You also have to factor in whether the US would be willing to let Israel initiate a long bloody protracted ground war in Gaza given the impending US elections. Also you make a valid point that any Israeli incursion into Gaza would immediately open up a northern front with Hezbollah.
The pressure is mounting on Bibi to do the right thing and announce a ceasefire - step back and start looking to get their hostages out.
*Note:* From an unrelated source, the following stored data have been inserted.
lemma ICP_common_representation:
  fixes M :: "(int ^ 'n) set"
  assumes "ICP M" "finite (Hilb M)" "infinite J" "\<And>j. j \<in> J \<Longrightarrow> z j \<in> M"
  obtains \<sigma> where "\<And>i. \<sigma> i \<in> Hilb M"
    "infinite {j\<in>J. \<exists>\<alpha> :: 'n \<Rightarrow> nat. z j = (\<Sum>i\<in>UNIV. of_nat (\<alpha> i) *s \<sigma> i)}"
proof -
  have "finite {\<sigma> :: 'n \<Rightarrow> int ^ 'n. \<forall>i. \<sigma> i \<in> Hilb M}"
    using finite_set_of_finite_funs[of "UNIV :: 'n set" "Hilb M"] assms(2) by simp
  moreover have "\<forall>j\<in>J. \<exists>\<sigma>\<in>{\<sigma>. \<forall>i. \<sigma> i \<in> Hilb M}. \<exists>\<alpha> :: 'n \<Rightarrow> nat. z j = (\<Sum>i\<in>UNIV. of_nat (\<alpha> i) *s \<sigma> i)"
    using assms(1,4) unfolding ICP_def by blast
  ultimately have "\<exists>\<sigma>\<in>{\<sigma>. \<forall>i. \<sigma> i \<in> Hilb M}.
      infinite {j\<in>J. \<exists>\<alpha> :: 'n \<Rightarrow> nat. z j = (\<Sum>i\<in>UNIV. of_nat (\<alpha> i) *s \<sigma> i)}"
    by (rule pigeonhole_infinite_rel[OF assms(3)])
  then show ?thesis
    using that by blast
qed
There's nothing we can do to stop him, any more than we can make the Israelis let fuel into Gaza or turn the power on so that hospitals and desalination plants can function. Israel is a sovereign nation, the only lever we have to pull is foreign aid and we can't do much there with the House functionally closed.
Sanitation conditions are such that disease outbreaks are already starting, and sooner or later we'll start seeing stuff like typhus that will be hard to stay in front of with mere aid trucks. I doubt even a ceasefire will keep Hezbollah from entering the game once that kicks off in earnest. Netanyahu would have to normalize power and the flow of goods into Gaza, and soon, which seems like a remote possibility.
TBF that relationship has always been one where the tail wags the dog; anyone who steps out of line and goes against the lobby (which is to say the Israeli government) gets stomped on, as we are seeing at varying levels across US society nowadays.
It’s almost impossible to see what benefit the US actually gets from its apparent closest ally.
Votes and funding. I ran the math the other day in the POTUS race thread. Neither political party can win the presidency without at least some of the Jewish vote, because states like Pennsylvania, Florida, Arizona and Michigan are in play. They cannot afford to alienate that interest group entirely. Trump has been talking big about Netanyahu, but it's one thing to run your mouth on social media from a sofa, and another to sit behind the Resolute desk.